И в самом деле, зачем ты пришел к этому старому, одряхлевшему человеку, которого все позабыли. Значит, очень тебе туго или беда стряслась…
— Плохо мне, — ответил я.
— В чем дело? — Мне показалось, он оживился, глаза заблестели.
Я замолчал, потому что испугался своих собственных слов. Я считал, что пришел сюда вспомнить те дни, когда его уроки доставляли мне неизъяснимое блаженство, а получилось, что я пришел исповедаться.
— Что ты делаешь? Где работаешь? — спросил учитель.
Ничего удивительного в том, что он не знал о моей карьере. Ведь он не относится к числу моих читателей. Все, что надлежало ему прочесть в свое время, он прочел.
Собираясь уходить, я спросил:
— Учитель, я не помню, чьи это слова: «Корни умирают раньше нас». Как это понимать?
— Когда ты сам станешь корнем, поймешь.
— У меня есть сын.
— Это еще не все.
Я взял такси и поехал за город.
Может быть, вы замечали когда-нибудь одноэтажный дом на Кахетинской дороге у поворота на Лило. В этот дом я и приехал.
Ни в коем случае не следует давать волю памяти. Она может сыграть злую шутку. До этого дня она была у меня надежно запечатана в бутылку, как джинн, а теперь я сам вынул пробку — случайно или сознательно — не знаю — и вот что из этого получилось.
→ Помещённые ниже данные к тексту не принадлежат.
(* Let $T:X\rightrightarrows X^*$ be a maximal monotone operator on a real Banach space $X$ with $\mathrm{int}\,D_T\ne\emptyset$. Then $T$ is directionally inf bounded at every $x\in\mathrm{int}\,D_T$.
   Context: For $x\in X$ and $A\subset X$, $K_{x,A}=\{(1-t)x+ta: 0\le t\le1,\ a\in A\}$; $B(x,\epsilon)$ is the open ball. A monotone operator $T$ is directionally inf bounded at $x\in D_T$ if for every $y\in X$ there exist $\epsilon>0$ and $M>0$ such that for every $z\in K_{y,B(x,\epsilon)}\cap D_T$ there is $z^*\in T(z)$ with $\langle z^*,z-y\rangle\le M\|z-y\|$. *)

theory Defs
  imports "HOL-Analysis.Analysis"
begin

definition dom_op :: "('a::real_normed_vector \<Rightarrow> ('a \<Rightarrow>\<^sub>L real) set) \<Rightarrow> 'a set" where
  "dom_op T = {x. T x \<noteq> {}}"

definition monotone_op :: "('a::real_normed_vector \<Rightarrow> ('a \<Rightarrow>\<^sub>L real) set) \<Rightarrow> bool" where
  "monotone_op T \<longleftrightarrow> (\<forall>x y xs ys. xs \<in> T x \<longrightarrow> ys \<in> T y \<longrightarrow> 0 \<le> blinfun_apply (xs - ys) (x - y))"

definition maximal_monotone_op :: "('a::real_normed_vector \<Rightarrow> ('a \<Rightarrow>\<^sub>L real) set) \<Rightarrow> bool" where
  "maximal_monotone_op T \<longleftrightarrow> monotone_op T \<and>
     (\<forall>S. monotone_op S \<and> (\<forall>x. T x \<subseteq> S x) \<longrightarrow> S = T)"

definition Kset :: "'a::real_vector \<Rightarrow> 'a set \<Rightarrow> 'a set" where
  "Kset x A = {(1 - t) *\<^sub>R x + t *\<^sub>R a | t a. 0 \<le> t \<and> t \<le> 1 \<and> a \<in> A}"

definition dir_inf_bounded :: "('a::real_normed_vector \<Rightarrow> ('a \<Rightarrow>\<^sub>L real) set) \<Rightarrow> 'a \<Rightarrow> bool" where
  "dir_inf_bounded T x \<longleftrightarrow>
     (\<forall>y. \<exists>\<epsilon>>0. \<exists>M>0. \<forall>z \<in> Kset y (ball x \<epsilon>) \<inter> dom_op T.
        \<exists>zs \<in> T z. blinfun_apply zs (z - y) \<le> M * norm (z - y))"

end

theory Submission
  imports Defs
begin

(* Directional inf-boundedness of a monotone operator T at interior points of its domain.

   The heart of the proof is local boundedness of monotone operators at interior points of
   the domain (Rockafellar).  For a bounded set B we introduce the closed convex sets
     sublevel_op T B c = {u. ws (u - w) <= c for all w in B and ws in T w}.
   By monotonicity every point of the domain lies in one of the countably many sets
   sublevel_op T B n, so by the Baire category theorem one of them has an interior point u0.
   Pushing a domain point slightly beyond a given interior point x away from u0 and using
   convexity, x itself is an interior point of some sublevel set; taking B a small ball around x
   this yields a uniform bound on the norms of T near x.

   Directional inf-boundedness then follows from the segment inequality: if z lies on the
   segment from y to a point a near x, monotonicity gives an element zs of T z with
   zs (z - y) <= as (z - y) for any as in T a, and as is bounded in norm. *)

definition sublevel_op :: "('a::real_normed_vector \<Rightarrow> ('a \<Rightarrow>\<^sub>L real) set) \<Rightarrow> 'a set \<Rightarrow> real \<Rightarrow> 'a set" where
  "sublevel_op T B c = {u. \<forall>w\<in>B. \<forall>ws\<in>T w. blinfun_apply ws (u - w) \<le> c}"

lemma sublevel_op_as_INT:
  "sublevel_op T B c = (\<Inter>w\<in>B. \<Inter>ws\<in>T w. {u. blinfun_apply ws u \<le> c + blinfun_apply ws w})"
  by (auto simp: sublevel_op_def blinfun.diff_right algebra_simps)

lemma closed_sublevel_op: "closed (sublevel_op T B c)"
  unfolding sublevel_op_as_INT
  by (intro closed_INT ballI closed_Collect_le continuous_intros)

lemma convex_sublevel_op: "convex (sublevel_op T B c)"
  unfolding sublevel_op_as_INT
proof (intro convex_INT ballI)
  fix w and ws :: "'a \<Rightarrow>\<^sub>L real"
  have "{u. ws u \<le> c + ws w} = blinfun_apply ws -` {..c + ws w}"
    by auto
  then show "convex {u. ws u \<le> c + ws w}"
    by (simp add: convex_linear_vimage bounded_linear.linear[OF blinfun.bounded_linear_right])
qed

lemma sublevel_op_mono: "c \<le> c' \<Longrightarrow> sublevel_op T B c \<subseteq> sublevel_op T B c'"
  by (force simp: sublevel_op_def)

lemma monotone_op_le:
  assumes "monotone_op T" "xs \<in> T x" "ys \<in> T y"
  shows "blinfun_apply ys (x - y) \<le> blinfun_apply xs (x - y)"
  using assms unfolding monotone_op_def by (force simp: blinfun.diff_left)

lemma dom_op_in_sublevel_op:
  assumes mono: "monotone_op T" and u: "u \<in> dom_op T" and B: "bounded B"
  shows "\<exists>n::nat. u \<in> sublevel_op T B (real n)"
proof -
  obtain us where us: "us \<in> T u" using u unfolding dom_op_def by auto
  obtain b where b: "\<And>w. w \<in> B \<Longrightarrow> norm w \<le> b" using B by (auto simp: bounded_pos)
  obtain n :: nat where n: "norm us * (norm u + b) \<le> real n" using real_arch_simple by blast
  have "blinfun_apply ws (u - w) \<le> real n" if w: "w \<in> B" and ws: "ws \<in> T w" for w ws
  proof -
    have "blinfun_apply ws (u - w) \<le> blinfun_apply us (u - w)"
      using monotone_op_le[OF mono us ws] .
    also have "\<dots> \<le> norm us * norm (u - w)"
      using norm_blinfun[of us "u - w"] by simp
    also have "\<dots> \<le> norm us * (norm u + b)"
      using norm_triangle_ineq4[of u w] b[OF w] by (intro mult_left_mono) auto
    finally show ?thesis using n by linarith
  qed
  then show ?thesis unfolding sublevel_op_def by blast
qed

lemma sublevel_op_Baire:
  fixes T :: "'a::banach \<Rightarrow> ('a \<Rightarrow>\<^sub>L real) set"
  assumes mono: "monotone_op T" and int: "interior (dom_op T) \<noteq> {}" and B: "bounded B"
  shows "\<exists>n::nat. interior (sublevel_op T B (real n)) \<noteq> {}"
proof (rule ccontr)
  let ?F = "range (\<lambda>n::nat. sublevel_op T B (real n))"
  assume nowhere_dense: "\<nexists>n::nat. interior (sublevel_op T B (real n)) \<noteq> {}"
  have "euclidean interior_of (\<Union>?F) = {}"
  proof (rule Baire_category_alt)
    show "completely_metrizable_space (euclidean :: 'a topology) \<or>
        locally_compact_space (euclidean :: 'a topology) \<and> regular_space (euclidean :: 'a topology)"
      using completely_metrizable_space_euclidean by blast
    fix S assume "S \<in> ?F"
    then obtain n :: nat where S: "S = sublevel_op T B (real n)" by blast
    show "closedin euclidean S \<and> euclidean interior_of S = {}"
      unfolding S closed_closedin[symmetric] using closed_sublevel_op nowhere_dense by simp
  qed simp
  then have "interior (\<Union>?F) = {}" by simp
  moreover have "dom_op T \<subseteq> \<Union>?F"
    using dom_op_in_sublevel_op[OF mono _ B] by blast
  ultimately show False
    using int interior_mono by blast
qed

(* Shrinking a point of a convex set towards an interior point keeps a ball inside the set;
   a normed-space version of the library lemma mem_interior_convex_shrink. *)
lemma convex_shrink_ball:
  fixes S :: "'a::real_normed_vector set"
  assumes "convex S" "ball c d \<subseteq> S" "x \<in> S" "0 < e" "e \<le> 1"
  shows "ball (x - e *\<^sub>R (x - c)) (e * d) \<subseteq> S"
proof
  fix y assume y: "y \<in> ball (x - e *\<^sub>R (x - c)) (e * d)"
  define c' where "c' = c + (1 / e) *\<^sub>R (y - (x - e *\<^sub>R (x - c)))"
  have "dist c c' = (1 / e) * dist (x - e *\<^sub>R (x - c)) y"
    using \<open>e > 0\<close> by (simp add: c'_def dist_norm norm_minus_commute)
  also have "\<dots> < d"
    using y \<open>e > 0\<close> by (simp add: field_simps)
  finally have "c' \<in> S" using assms(2) by auto
  moreover have "y = (1 - e) *\<^sub>R x + e *\<^sub>R c'"
    using \<open>e > 0\<close> by (simp add: c'_def algebra_simps)
  ultimately show "y \<in> S"
    using assms(1,3-5) by (simp add: convexD)
qed

lemma interior_sublevel_op:
  fixes T :: "'a::banach \<Rightarrow> ('a \<Rightarrow>\<^sub>L real) set"
  assumes mono: "monotone_op T" and x: "x \<in> interior (dom_op T)" and B: "bounded B"
  shows "\<exists>c. x \<in> interior (sublevel_op T B c)"
proof -
  obtain n :: nat where "interior (sublevel_op T B (real n)) \<noteq> {}"
    using sublevel_op_Baire[OF mono _ B] x by blast
  then obtain u0 \<rho> where rho: "\<rho> > 0" "ball u0 \<rho> \<subseteq> sublevel_op T B (real n)"
    by (meson ex_in_conv mem_interior)
  obtain r where r: "r > 0" "ball x r \<subseteq> dom_op T"
    using x by (meson mem_interior)
  define s where "s = r / (2 * (norm (x - u0) + 1))"
  have s: "s > 0" using r by (simp add: s_def add_nonneg_pos)
  define x' where "x' = x + s *\<^sub>R (x - u0)"
  have "norm (x' - x) = s * norm (x - u0)"
    using s by (simp add: x'_def)
  also have "\<dots> = r / 2 * (norm (x - u0) / (norm (x - u0) + 1))"
    by (simp add: s_def field_simps)
  also have "\<dots> < r"
    using r by (simp add: divide_less_eq add_nonneg_pos)
  finally have "x' \<in> dom_op T" using r by (auto simp: dist_norm norm_minus_commute)
  then obtain m :: nat where m: "x' \<in> sublevel_op T B (real m)"
    using dom_op_in_sublevel_op[OF mono _ B] by blast
  define c where "c = max (real n) (real m)"
  have "sublevel_op T B (real n) \<subseteq> sublevel_op T B c" "sublevel_op T B (real m) \<subseteq> sublevel_op T B c"
    by (simp_all add: c_def sublevel_op_mono)
  then have "ball u0 \<rho> \<subseteq> sublevel_op T B c" "x' \<in> sublevel_op T B c"
    using rho m by blast+
  then have "ball (x' - (s / (1 + s)) *\<^sub>R (x' - u0)) ((s / (1 + s)) * \<rho>) \<subseteq> sublevel_op T B c"
    using s by (intro convex_shrink_ball convex_sublevel_op) auto
  moreover have "x' - (s / (1 + s)) *\<^sub>R (x' - u0) = x"
  proof -
    have "x' - u0 = (1 + s) *\<^sub>R (x - u0)" by (simp add: x'_def algebra_simps)
    then show ?thesis using s by (simp add: x'_def)
  qed
  moreover have "s / (1 + s) * \<rho> > 0" using rho s by simp
  ultimately show ?thesis by (metis mem_interior)
qed

lemma norm_blinfun_le_from_ball:
  fixes f :: "'a::real_normed_vector \<Rightarrow>\<^sub>L real"
  assumes c: "c > 0" and h: "\<And>v. norm v \<le> c \<Longrightarrow> blinfun_apply f v \<le> N"
  shows "norm f \<le> N / c"
proof (rule norm_blinfun_bound)
  show "0 \<le> N / c" using h[of 0] c by simp
  fix v :: 'a
  show "norm (blinfun_apply f v) \<le> N / c * norm v"
  proof (cases "v = 0")
    case False
    define v' where "v' = (c / norm v) *\<^sub>R v"
    have "norm v' = c" "norm (- v') = c" using False c by (simp_all add: v'_def)
    then have "blinfun_apply f v' \<le> N" "- blinfun_apply f v' \<le> N"
      using h[of v'] h[of "- v'"] by (simp_all add: blinfun.minus_right)
    then have "\<bar>blinfun_apply f v'\<bar> \<le> N" by linarith
    then have "c / norm v * \<bar>blinfun_apply f v\<bar> \<le> N"
      using c by (simp add: v'_def blinfun.scaleR_right abs_mult)
    then show ?thesis using False c by (simp add: field_simps)
  qed simp
qed

lemma sublevel_op_norm_bound:
  fixes T :: "'a::real_normed_vector \<Rightarrow> ('a \<Rightarrow>\<^sub>L real) set"
  assumes ball: "ball x \<eta> \<subseteq> sublevel_op T B c" and w: "w \<in> B" "w \<in> ball x (\<eta> / 2)"
    and ws: "ws \<in> T w"
  shows "norm ws \<le> c / (\<eta> / 2)"
proof (rule norm_blinfun_le_from_ball)
  show "\<eta> / 2 > 0" using w(2) dist_not_less_zero[of x w] by (simp, linarith)
  fix v :: 'a assume "norm v \<le> \<eta> / 2"
  then have "w + v \<in> ball x \<eta>"
    using w(2) norm_triangle_ineq[of "x - w" "- v"] by (simp add: dist_norm algebra_simps)
  then show "blinfun_apply ws v \<le> c"
    using ball w(1) ws unfolding sublevel_op_def by force
qed

lemma monotone_op_locally_bounded:
  fixes T :: "'a::banach \<Rightarrow> ('a \<Rightarrow>\<^sub>L real) set"
  assumes mono: "monotone_op T" and x: "x \<in> interior (dom_op T)"
  shows "\<exists>\<delta>>0. ball x \<delta> \<subseteq> dom_op T \<and> (\<exists>K. \<forall>w\<in>ball x \<delta>. \<forall>ws\<in>T w. norm ws \<le> K)"
proof -
  obtain r where r: "r > 0" "ball x r \<subseteq> dom_op T"
    using x by (meson mem_interior)
  obtain c where "x \<in> interior (sublevel_op T (ball x r) c)"
    using interior_sublevel_op[OF mono x bounded_ball] by blast
  then obtain \<eta> where eta: "\<eta> > 0" "ball x \<eta> \<subseteq> sublevel_op T (ball x r) c"
    by (meson mem_interior)
  define \<delta> where "\<delta> = min r (\<eta> / 2)"
  have "ball x \<delta> \<subseteq> ball x r" "ball x \<delta> \<subseteq> ball x (\<eta> / 2)"
    by (auto simp: \<delta>_def)
  then have "\<forall>w\<in>ball x \<delta>. \<forall>ws\<in>T w. norm ws \<le> c / (\<eta> / 2)"
    using sublevel_op_norm_bound[OF eta(2)] by blast
  moreover have "\<delta> > 0" "ball x \<delta> \<subseteq> dom_op T"
    using r eta by (auto simp: \<delta>_def)
  ultimately show ?thesis by blast
qed

lemma monotone_op_segment:
  assumes mono: "monotone_op T" and z: "z \<in> dom_op T" and as: "as \<in> T a"
    and zdef: "z = (1 - t) *\<^sub>R y + t *\<^sub>R a" and t: "0 \<le> t" "t \<le> 1"
  shows "\<exists>zs\<in>T z. blinfun_apply zs (z - y) \<le> blinfun_apply as (z - y)"
proof (cases "t = 1")
  case True
  then show ?thesis using as zdef by auto
next
  case False
  obtain zs where zs: "zs \<in> T z" using z unfolding dom_op_def by auto
  have "z - a = (1 - t) *\<^sub>R (y - a)" using zdef by (simp add: algebra_simps)
  then have "(1 - t) * blinfun_apply as (y - a) \<le> (1 - t) * blinfun_apply zs (y - a)"
    using monotone_op_le[OF mono zs as] by (simp add: blinfun.scaleR_right)
  then have "blinfun_apply as (y - a) \<le> blinfun_apply zs (y - a)"
    using False t by simp
  then have "blinfun_apply zs (a - y) \<le> blinfun_apply as (a - y)"
    using blinfun.minus_right[of zs "a - y"] blinfun.minus_right[of as "a - y"] by simp
  then have "t * blinfun_apply zs (a - y) \<le> t * blinfun_apply as (a - y)"
    using t(1) by (rule mult_left_mono)
  moreover have "z - y = t *\<^sub>R (a - y)" using zdef by (simp add: algebra_simps)
  ultimately show ?thesis using zs by (auto simp: blinfun.scaleR_right)
qed

lemma monotone_op_Kset_bound:
  assumes mono: "monotone_op T" and dom: "ball x \<delta> \<subseteq> dom_op T"
    and bdd: "\<And>w ws. w \<in> ball x \<delta> \<Longrightarrow> ws \<in> T w \<Longrightarrow> norm ws \<le> M"
    and z: "z \<in> Kset y (ball x \<delta>) \<inter> dom_op T"
  shows "\<exists>zs\<in>T z. blinfun_apply zs (z - y) \<le> M * norm (z - y)"
proof -
  obtain t a where ta: "0 \<le> t" "t \<le> 1" "a \<in> ball x \<delta>" "z = (1 - t) *\<^sub>R y + t *\<^sub>R a"
    using z unfolding Kset_def by blast
  have "a \<in> dom_op T" using ta(3) dom by blast
  then obtain as where as: "as \<in> T a" unfolding dom_op_def by auto
  obtain zs where zs: "zs \<in> T z" "blinfun_apply zs (z - y) \<le> blinfun_apply as (z - y)"
    using monotone_op_segment[OF mono _ as ta(4,1,2)] z by blast
  have "blinfun_apply as (z - y) \<le> norm as * norm (z - y)"
    using norm_blinfun[of as "z - y"] by simp
  also have "\<dots> \<le> M * norm (z - y)"
    using bdd[OF ta(3) as] by (simp add: mult_right_mono)
  finally show ?thesis using zs by (meson order_trans)
qed

theorem lemma2p13:
  fixes T :: "'a::banach \<Rightarrow> ('a \<Rightarrow>\<^sub>L real) set"
  assumes "maximal_monotone_op T"
    and "interior (dom_op T) \<noteq> {}"
  shows "\<forall>x \<in> interior (dom_op T). dir_inf_bounded T x"
proof
  fix x assume x: "x \<in> interior (dom_op T)"
  have mono: "monotone_op T" using assms(1) unfolding maximal_monotone_op_def by simp
  obtain \<delta> K where \<delta>: "\<delta> > 0" "ball x \<delta> \<subseteq> dom_op T"
    and K: "\<And>w ws. w \<in> ball x \<delta> \<Longrightarrow> ws \<in> T w \<Longrightarrow> norm ws \<le> K"
    using monotone_op_locally_bounded[OF mono x] by blast
  define M where "M = max K 0 + 1"
  have "M > 0" "\<And>w ws. w \<in> ball x \<delta> \<Longrightarrow> ws \<in> T w \<Longrightarrow> norm ws \<le> M"
    using K by (force simp: M_def)+
  then show "dir_inf_bounded T x" unfolding dir_inf_bounded_def
    using monotone_op_Kset_bound[OF mono \<delta>(2)] \<delta>(1) by blast
qed

end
В этом одноэтажном доме, по моим расчетам, должен был жить мой одноклассник Дато Муджири. Мы с ним были неразлучными друзьями. Он часто приходил к нам домой и оставался допоздна. Маме Дато нравился. Хороший мальчик, — говорила она. Сколько лет прошло с тех пор? Ровно двадцать три года. После окончания школы я не видел Дато. Куда он пропал? Неужели не вспомнил обо мне ни разу? Я-то помнил о нем, очень долго помнил, только…
В доме жили другие люди — железнодорожник с женой. Они мне сказали, что Дато с родителями давно отсюда переехал в какую-то деревню. Причины переезда им не известны.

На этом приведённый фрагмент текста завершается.